● **Requirement**
Repeat, line for line, the entries printed below.

##### Source data #####

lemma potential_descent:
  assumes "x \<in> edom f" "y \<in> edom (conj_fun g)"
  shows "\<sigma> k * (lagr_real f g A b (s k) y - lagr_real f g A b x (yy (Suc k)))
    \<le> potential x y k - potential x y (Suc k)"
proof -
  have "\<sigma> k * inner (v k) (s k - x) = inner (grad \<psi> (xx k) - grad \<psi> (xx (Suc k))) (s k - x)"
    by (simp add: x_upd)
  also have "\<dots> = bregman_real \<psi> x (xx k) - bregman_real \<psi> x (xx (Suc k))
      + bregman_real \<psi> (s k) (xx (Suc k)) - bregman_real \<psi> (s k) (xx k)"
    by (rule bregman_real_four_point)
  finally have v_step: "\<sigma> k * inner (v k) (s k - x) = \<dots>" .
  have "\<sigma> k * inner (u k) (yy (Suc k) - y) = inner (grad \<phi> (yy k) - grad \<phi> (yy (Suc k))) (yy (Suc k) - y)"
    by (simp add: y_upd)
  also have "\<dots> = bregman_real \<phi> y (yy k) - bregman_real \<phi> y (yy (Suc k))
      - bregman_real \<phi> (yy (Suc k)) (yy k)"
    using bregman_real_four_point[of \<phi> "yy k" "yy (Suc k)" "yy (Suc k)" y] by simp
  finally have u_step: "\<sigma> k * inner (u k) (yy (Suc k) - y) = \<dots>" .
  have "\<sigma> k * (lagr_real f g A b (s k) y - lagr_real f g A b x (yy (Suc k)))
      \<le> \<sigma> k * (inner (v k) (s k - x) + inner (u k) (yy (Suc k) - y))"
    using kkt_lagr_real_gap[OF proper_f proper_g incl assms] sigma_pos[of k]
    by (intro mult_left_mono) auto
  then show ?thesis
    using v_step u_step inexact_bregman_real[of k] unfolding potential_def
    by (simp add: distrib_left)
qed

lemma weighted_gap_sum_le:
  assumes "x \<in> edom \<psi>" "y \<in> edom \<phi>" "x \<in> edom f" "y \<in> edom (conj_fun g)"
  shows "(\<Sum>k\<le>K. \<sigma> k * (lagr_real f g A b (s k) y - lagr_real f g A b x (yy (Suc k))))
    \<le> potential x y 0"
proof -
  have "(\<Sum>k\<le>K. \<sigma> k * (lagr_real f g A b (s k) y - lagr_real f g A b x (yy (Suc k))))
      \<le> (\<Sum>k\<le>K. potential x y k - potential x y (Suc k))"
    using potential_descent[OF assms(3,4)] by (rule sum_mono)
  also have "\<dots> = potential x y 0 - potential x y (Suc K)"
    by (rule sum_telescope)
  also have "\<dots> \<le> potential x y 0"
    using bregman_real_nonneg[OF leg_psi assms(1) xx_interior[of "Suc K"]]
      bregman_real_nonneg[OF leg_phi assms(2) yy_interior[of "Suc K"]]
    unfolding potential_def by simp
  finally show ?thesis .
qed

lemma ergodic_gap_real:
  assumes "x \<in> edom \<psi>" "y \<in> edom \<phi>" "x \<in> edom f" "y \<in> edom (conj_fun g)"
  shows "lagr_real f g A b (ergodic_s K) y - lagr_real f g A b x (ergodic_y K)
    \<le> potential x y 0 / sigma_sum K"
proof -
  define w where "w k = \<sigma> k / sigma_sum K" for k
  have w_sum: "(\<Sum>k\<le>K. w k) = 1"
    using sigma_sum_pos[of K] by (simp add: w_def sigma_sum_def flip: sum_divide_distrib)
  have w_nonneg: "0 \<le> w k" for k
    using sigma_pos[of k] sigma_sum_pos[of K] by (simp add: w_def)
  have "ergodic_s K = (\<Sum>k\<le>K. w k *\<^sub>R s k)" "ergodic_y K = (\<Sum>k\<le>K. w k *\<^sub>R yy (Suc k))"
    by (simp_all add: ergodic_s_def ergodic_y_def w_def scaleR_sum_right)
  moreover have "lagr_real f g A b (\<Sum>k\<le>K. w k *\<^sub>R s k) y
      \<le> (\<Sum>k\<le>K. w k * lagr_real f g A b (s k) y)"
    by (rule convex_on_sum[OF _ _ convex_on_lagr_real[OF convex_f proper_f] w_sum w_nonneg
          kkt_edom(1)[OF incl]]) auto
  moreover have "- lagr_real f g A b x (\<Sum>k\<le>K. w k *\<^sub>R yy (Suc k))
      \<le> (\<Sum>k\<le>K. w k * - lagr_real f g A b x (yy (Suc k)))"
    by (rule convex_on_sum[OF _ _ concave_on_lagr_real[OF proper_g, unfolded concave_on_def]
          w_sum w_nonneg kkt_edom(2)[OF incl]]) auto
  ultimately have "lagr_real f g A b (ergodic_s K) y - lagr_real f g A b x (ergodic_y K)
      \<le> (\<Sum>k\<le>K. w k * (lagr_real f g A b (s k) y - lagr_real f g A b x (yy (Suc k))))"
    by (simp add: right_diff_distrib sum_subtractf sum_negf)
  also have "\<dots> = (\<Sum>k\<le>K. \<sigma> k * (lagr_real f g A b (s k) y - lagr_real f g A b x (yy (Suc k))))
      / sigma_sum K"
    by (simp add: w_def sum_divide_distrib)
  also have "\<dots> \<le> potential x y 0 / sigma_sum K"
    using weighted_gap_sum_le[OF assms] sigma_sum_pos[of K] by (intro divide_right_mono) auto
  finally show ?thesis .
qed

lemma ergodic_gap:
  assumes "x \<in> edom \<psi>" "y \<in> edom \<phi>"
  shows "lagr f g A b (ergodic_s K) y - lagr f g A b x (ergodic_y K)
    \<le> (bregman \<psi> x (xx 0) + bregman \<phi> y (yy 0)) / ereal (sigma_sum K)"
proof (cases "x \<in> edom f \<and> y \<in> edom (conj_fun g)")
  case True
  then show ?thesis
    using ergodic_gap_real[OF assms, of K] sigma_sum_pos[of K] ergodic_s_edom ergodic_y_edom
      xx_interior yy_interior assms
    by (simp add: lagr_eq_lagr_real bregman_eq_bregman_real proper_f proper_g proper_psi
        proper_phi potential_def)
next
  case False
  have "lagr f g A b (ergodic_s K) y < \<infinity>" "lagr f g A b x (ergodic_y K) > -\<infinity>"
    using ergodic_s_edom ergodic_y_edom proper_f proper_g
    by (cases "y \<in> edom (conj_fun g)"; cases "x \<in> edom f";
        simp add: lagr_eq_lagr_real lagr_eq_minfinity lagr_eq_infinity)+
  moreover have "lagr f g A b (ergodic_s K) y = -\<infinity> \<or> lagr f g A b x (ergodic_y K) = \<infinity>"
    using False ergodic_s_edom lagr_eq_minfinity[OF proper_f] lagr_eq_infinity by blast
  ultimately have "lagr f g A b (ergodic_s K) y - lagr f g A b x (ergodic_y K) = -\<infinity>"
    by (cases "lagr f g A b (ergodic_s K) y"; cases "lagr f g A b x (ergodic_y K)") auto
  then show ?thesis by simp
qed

#####

● **Answer**
lemma potential_descent:
  assumes "x \<in> edom f" "y \<in> edom (conj_fun g)"
  shows "\<sigma> k * (lagr_real f g A b (s k) y - lagr_real f g A b x (yy (Suc k)))
    \<le> potential x y k - potential x y (Suc k)"
proof -
  have "\<sigma> k * inner (v k) (s k - x) = inner (grad \<psi> (xx k) - grad \<psi> (xx (Suc k))) (s k - x)"
    by (simp add: x_upd)
  also have "\<dots> = bregman_real \<psi> x (xx k) - bregman_real \<psi> x (xx (Suc k))
      + bregman_real \<psi> (s k) (xx (Suc k)) - bregman_real \<psi> (s k) (xx k)"
    by (rule bregman_real_four_point)
  finally have v_step: "\<sigma> k * inner (v k) (s k - x) = \<dots>" .
  have "\<sigma> k * inner (u k) (yy (Suc k) - y) = inner (grad \<phi> (yy k) - grad \<phi> (yy (Suc k))) (yy (Suc k) - y)"
    by (simp add: y_upd)
  also have "\<dots> = bregman_real \<phi> y (yy k) - bregman_real \<phi> y (yy (Suc k))
      - bregman_real \<phi> (yy (Suc k)) (yy k)"
    using bregman_real_four_point[of \<phi> "yy k" "yy (Suc k)" "yy (Suc k)" y] by simp
  finally have u_step: "\<sigma> k * inner (u k) (yy (Suc k) - y) = \<dots>" .
  have "\<sigma> k * (lagr_real f g A b (s k) y - lagr_real f g A b x (yy (Suc k)))
      \<le> \<sigma> k * (inner (v k) (s k - x) + inner (u k) (yy (Suc k) - y))"
    using kkt_lagr_real_gap[OF proper_f proper_g incl assms] sigma_pos[of k]
    by (intro mult_left_mono) auto
  then show ?thesis
    using v_step u_step inexact_bregman_real[of k] unfolding potential_def
    by (simp add: distrib_left)
qed

lemma weighted_gap_sum_le:
  assumes "x \<in> edom \<psi>" "y \<in> edom \<phi>" "x \<in> edom f" "y \<in> edom (conj_fun g)"
  shows "(\<Sum>k\<le>K. \<sigma> k * (lagr_real f g A b (s k) y - lagr_real f g A b x (yy (Suc k))))
    \<le> potential x y 0"
proof -
  have "(\<Sum>k\<le>K. \<sigma> k * (lagr_real f g A b (s k) y - lagr_real f g A b x (yy (Suc k))))
      \<le> (\<Sum>k\<le>K. potential x y k - potential x y (Suc k))"
    using potential_descent[OF assms(3,4)] by (rule sum_mono)
  also have "\<dots> = potential x y 0 - potential x y (Suc K)"
    by (rule sum_telescope)
  also have "\<dots> \<le> potential x y 0"
    using bregman_real_nonneg[OF leg_psi assms(1) xx_interior[of "Suc K"]]
      bregman_real_nonneg[OF leg_phi assms(2) yy_interior[of "Suc K"]]
    unfolding potential_def by simp
  finally show ?thesis .
qed

lemma ergodic_gap_real:
  assumes "x \<in> edom \<psi>" "y \<in> edom \<phi>" "x \<in> edom f" "y \<in> edom (conj_fun g)"
  shows "lagr_real f g A b (ergodic_s K) y - lagr_real f g A b x (ergodic_y K)
    \<le> potential x y 0 / sigma_sum K"
proof -
  define w where "w k = \<sigma> k / sigma_sum K" for k
  have w_sum: "(\<Sum>k\<le>K. w k) = 1"
    using sigma_sum_pos[of K] by (simp add: w_def sigma_sum_def flip: sum_divide_distrib)
  have w_nonneg: "0 \<le> w k" for k
    using sigma_pos[of k] sigma_sum_pos[of K] by (simp add: w_def)
  have "ergodic_s K = (\<Sum>k\<le>K. w k *\<^sub>R s k)" "ergodic_y K = (\<Sum>k\<le>K. w k *\<^sub>R yy (Suc k))"
    by (simp_all add: ergodic_s_def ergodic_y_def w_def scaleR_sum_right)
  moreover have "lagr_real f g A b (\<Sum>k\<le>K. w k *\<^sub>R s k) y
      \<le> (\<Sum>k\<le>K. w k * lagr_real f g A b (s k) y)"
    by (rule convex_on_sum[OF _ _ convex_on_lagr_real[OF convex_f proper_f] w_sum w_nonneg
          kkt_edom(1)[OF incl]]) auto
  moreover have "- lagr_real f g A b x (\<Sum>k\<le>K. w k *\<^sub>R yy (Suc k))
      \<le> (\<Sum>k\<le>K. w k * - lagr_real f g A b x (yy (Suc k)))"
    by (rule convex_on_sum[OF _ _ concave_on_lagr_real[OF proper_g, unfolded concave_on_def]
          w_sum w_nonneg kkt_edom(2)[OF incl]]) auto
  ultimately have "lagr_real f g A b (ergodic_s K) y - lagr_real f g A b x (ergodic_y K)
      \<le> (\<Sum>k\<le>K. w k * (lagr_real f g A b (s k) y - lagr_real f g A b x (yy (Suc k))))"
    by (simp add: right_diff_distrib sum_subtractf sum_negf)
  also have "\<dots> = (\<Sum>k\<le>K. \<sigma> k * (lagr_real f g A b (s k) y - lagr_real f g A b x (yy (Suc k))))
      / sigma_sum K"
    by (simp add: w_def sum_divide_distrib)
  also have "\<dots> \<le> potential x y 0 / sigma_sum K"
    using weighted_gap_sum_le[OF assms] sigma_sum_pos[of K] by (intro divide_right_mono) auto
  finally show ?thesis .
qed

lemma ergodic_gap:
  assumes "x \<in> edom \<psi>" "y \<in> edom \<phi>"
  shows "lagr f g A b (ergodic_s K) y - lagr f g A b x (ergodic_y K)
    \<le> (bregman \<psi> x (xx 0) + bregman \<phi> y (yy 0)) / ereal (sigma_sum K)"
proof (cases "x \<in> edom f \<and> y \<in> edom (conj_fun g)")
  case True
  then show ?thesis
    using ergodic_gap_real[OF assms, of K] sigma_sum_pos[of K] ergodic_s_edom ergodic_y_edom
      xx_interior yy_interior assms
    by (simp add: lagr_eq_lagr_real bregman_eq_bregman_real proper_f proper_g proper_psi
        proper_phi potential_def)
next
  case False
  have "lagr f g A b (ergodic_s K) y < \<infinity>" "lagr f g A b x (ergodic_y K) > -\<infinity>"
    using ergodic_s_edom ergodic_y_edom proper_f proper_g
    by (cases "y \<in> edom (conj_fun g)"; cases "x \<in> edom f";
        simp add: lagr_eq_lagr_real lagr_eq_minfinity lagr_eq_infinity)+
  moreover have "lagr f g A b (ergodic_s K) y = -\<infinity> \<or> lagr f g A b x (ergodic_y K) = \<infinity>"
    using False ergodic_s_edom lagr_eq_minfinity[OF proper_f] lagr_eq_infinity by blast
  ultimately have "lagr f g A b (ergodic_s K) y - lagr f g A b x (ergodic_y K) = -\<infinity>"
    by (cases "lagr f g A b (ergodic_s K) y"; cases "lagr f g A b x (ergodic_y K)") auto
  then show ?thesis by simp
qed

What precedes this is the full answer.